Saved data entries:
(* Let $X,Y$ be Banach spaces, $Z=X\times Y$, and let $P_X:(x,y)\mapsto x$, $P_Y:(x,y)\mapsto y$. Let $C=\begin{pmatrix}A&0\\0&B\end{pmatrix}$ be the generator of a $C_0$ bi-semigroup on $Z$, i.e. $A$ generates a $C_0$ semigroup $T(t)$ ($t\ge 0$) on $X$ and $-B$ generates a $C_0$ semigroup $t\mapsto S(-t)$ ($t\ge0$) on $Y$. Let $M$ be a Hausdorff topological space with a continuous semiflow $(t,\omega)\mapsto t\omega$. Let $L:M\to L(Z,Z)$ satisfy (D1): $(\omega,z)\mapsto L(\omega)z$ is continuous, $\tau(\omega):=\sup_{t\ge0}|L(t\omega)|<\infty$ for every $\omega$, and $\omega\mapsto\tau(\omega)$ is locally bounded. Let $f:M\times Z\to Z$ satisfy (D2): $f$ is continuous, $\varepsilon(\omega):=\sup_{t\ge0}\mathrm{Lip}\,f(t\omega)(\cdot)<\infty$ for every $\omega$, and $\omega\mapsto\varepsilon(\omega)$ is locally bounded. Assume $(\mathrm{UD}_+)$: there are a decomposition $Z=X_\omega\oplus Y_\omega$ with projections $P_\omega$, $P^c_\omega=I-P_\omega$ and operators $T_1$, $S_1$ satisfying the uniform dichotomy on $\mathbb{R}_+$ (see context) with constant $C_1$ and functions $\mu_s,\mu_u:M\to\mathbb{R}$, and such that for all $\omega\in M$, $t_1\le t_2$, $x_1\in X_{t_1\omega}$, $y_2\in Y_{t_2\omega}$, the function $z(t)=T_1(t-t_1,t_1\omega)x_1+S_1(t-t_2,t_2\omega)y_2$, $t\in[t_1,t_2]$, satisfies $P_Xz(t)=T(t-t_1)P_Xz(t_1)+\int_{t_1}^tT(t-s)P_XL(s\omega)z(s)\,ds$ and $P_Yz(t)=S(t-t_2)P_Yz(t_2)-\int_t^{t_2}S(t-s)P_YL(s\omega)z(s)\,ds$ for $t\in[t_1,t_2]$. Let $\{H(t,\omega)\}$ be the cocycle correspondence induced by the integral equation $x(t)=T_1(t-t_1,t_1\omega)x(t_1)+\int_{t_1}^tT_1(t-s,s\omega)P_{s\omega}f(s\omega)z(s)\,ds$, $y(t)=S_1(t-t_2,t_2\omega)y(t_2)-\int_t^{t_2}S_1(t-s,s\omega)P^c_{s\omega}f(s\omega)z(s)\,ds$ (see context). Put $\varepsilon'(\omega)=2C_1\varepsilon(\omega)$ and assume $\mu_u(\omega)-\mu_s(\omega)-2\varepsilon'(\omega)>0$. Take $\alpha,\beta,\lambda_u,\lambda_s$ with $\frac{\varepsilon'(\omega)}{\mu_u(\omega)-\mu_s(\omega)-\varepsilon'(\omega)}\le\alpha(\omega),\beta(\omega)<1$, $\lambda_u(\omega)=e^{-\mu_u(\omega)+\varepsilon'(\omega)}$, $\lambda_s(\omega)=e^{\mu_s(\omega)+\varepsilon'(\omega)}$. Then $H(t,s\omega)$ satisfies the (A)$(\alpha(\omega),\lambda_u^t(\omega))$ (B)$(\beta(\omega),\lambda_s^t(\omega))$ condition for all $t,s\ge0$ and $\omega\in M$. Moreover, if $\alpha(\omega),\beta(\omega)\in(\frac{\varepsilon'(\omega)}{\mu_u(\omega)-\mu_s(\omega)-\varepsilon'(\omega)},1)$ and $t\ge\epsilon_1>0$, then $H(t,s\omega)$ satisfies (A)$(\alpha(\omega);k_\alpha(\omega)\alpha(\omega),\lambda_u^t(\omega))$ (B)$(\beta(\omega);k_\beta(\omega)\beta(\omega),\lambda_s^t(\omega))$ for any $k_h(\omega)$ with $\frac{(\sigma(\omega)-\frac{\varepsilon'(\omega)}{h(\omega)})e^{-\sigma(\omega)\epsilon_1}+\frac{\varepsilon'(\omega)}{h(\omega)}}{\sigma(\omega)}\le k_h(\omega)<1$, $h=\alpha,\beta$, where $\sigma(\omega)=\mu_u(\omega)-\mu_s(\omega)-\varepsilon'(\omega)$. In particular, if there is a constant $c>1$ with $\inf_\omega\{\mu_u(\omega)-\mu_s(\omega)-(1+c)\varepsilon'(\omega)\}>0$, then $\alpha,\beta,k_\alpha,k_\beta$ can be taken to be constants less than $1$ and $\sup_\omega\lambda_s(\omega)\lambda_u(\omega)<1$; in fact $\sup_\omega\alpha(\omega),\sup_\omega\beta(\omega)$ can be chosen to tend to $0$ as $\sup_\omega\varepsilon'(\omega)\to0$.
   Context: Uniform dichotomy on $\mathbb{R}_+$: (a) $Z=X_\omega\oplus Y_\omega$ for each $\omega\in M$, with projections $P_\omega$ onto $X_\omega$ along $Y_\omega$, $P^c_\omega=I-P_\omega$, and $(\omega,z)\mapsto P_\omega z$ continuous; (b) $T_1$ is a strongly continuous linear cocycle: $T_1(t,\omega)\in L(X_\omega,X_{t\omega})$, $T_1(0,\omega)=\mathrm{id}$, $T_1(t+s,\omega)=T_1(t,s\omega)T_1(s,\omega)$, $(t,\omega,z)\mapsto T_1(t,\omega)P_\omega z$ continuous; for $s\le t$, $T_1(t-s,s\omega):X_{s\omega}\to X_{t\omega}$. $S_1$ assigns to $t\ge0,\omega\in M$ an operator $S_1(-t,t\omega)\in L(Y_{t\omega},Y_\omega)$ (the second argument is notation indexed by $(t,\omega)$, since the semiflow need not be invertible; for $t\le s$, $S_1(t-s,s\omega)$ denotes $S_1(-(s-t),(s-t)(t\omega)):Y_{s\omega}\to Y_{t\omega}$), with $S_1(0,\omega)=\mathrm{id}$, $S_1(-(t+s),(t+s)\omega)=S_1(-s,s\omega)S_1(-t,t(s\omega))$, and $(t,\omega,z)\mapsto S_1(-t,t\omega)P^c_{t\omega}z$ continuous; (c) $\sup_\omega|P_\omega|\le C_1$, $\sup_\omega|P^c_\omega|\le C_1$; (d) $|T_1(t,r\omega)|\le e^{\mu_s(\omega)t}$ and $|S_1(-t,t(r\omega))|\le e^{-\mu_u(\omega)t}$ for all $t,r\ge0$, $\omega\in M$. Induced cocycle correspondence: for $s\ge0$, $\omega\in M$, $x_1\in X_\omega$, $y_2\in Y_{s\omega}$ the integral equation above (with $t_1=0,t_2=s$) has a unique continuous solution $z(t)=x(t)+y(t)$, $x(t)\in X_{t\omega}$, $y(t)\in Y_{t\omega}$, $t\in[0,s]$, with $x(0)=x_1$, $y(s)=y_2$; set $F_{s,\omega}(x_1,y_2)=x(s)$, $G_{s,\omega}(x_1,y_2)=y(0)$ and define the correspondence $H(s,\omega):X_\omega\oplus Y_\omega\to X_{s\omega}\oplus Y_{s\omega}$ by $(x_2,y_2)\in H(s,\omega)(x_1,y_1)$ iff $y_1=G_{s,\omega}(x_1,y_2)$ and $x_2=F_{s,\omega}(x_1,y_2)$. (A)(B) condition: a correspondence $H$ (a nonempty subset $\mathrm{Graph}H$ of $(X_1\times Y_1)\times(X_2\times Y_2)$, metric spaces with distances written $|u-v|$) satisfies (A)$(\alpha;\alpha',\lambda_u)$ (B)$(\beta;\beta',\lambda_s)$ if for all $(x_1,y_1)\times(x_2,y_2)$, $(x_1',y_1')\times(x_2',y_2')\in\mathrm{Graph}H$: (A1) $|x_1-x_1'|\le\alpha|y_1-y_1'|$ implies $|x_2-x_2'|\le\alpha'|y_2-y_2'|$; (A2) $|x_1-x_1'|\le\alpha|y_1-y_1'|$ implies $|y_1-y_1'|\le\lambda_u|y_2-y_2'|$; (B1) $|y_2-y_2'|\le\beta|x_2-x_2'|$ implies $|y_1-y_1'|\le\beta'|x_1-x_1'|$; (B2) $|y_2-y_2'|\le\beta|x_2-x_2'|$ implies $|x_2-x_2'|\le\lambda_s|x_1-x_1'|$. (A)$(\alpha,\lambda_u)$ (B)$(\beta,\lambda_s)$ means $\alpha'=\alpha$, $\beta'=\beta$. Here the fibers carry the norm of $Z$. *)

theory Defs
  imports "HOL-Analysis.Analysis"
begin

- [What to do]:
Only the lines from the one with "theory Defs" through the end of the data belong in the answer, each reproduced exactly.

- [Response for this exercise]:
theory Defs
  imports "HOL-Analysis.Analysis"
begin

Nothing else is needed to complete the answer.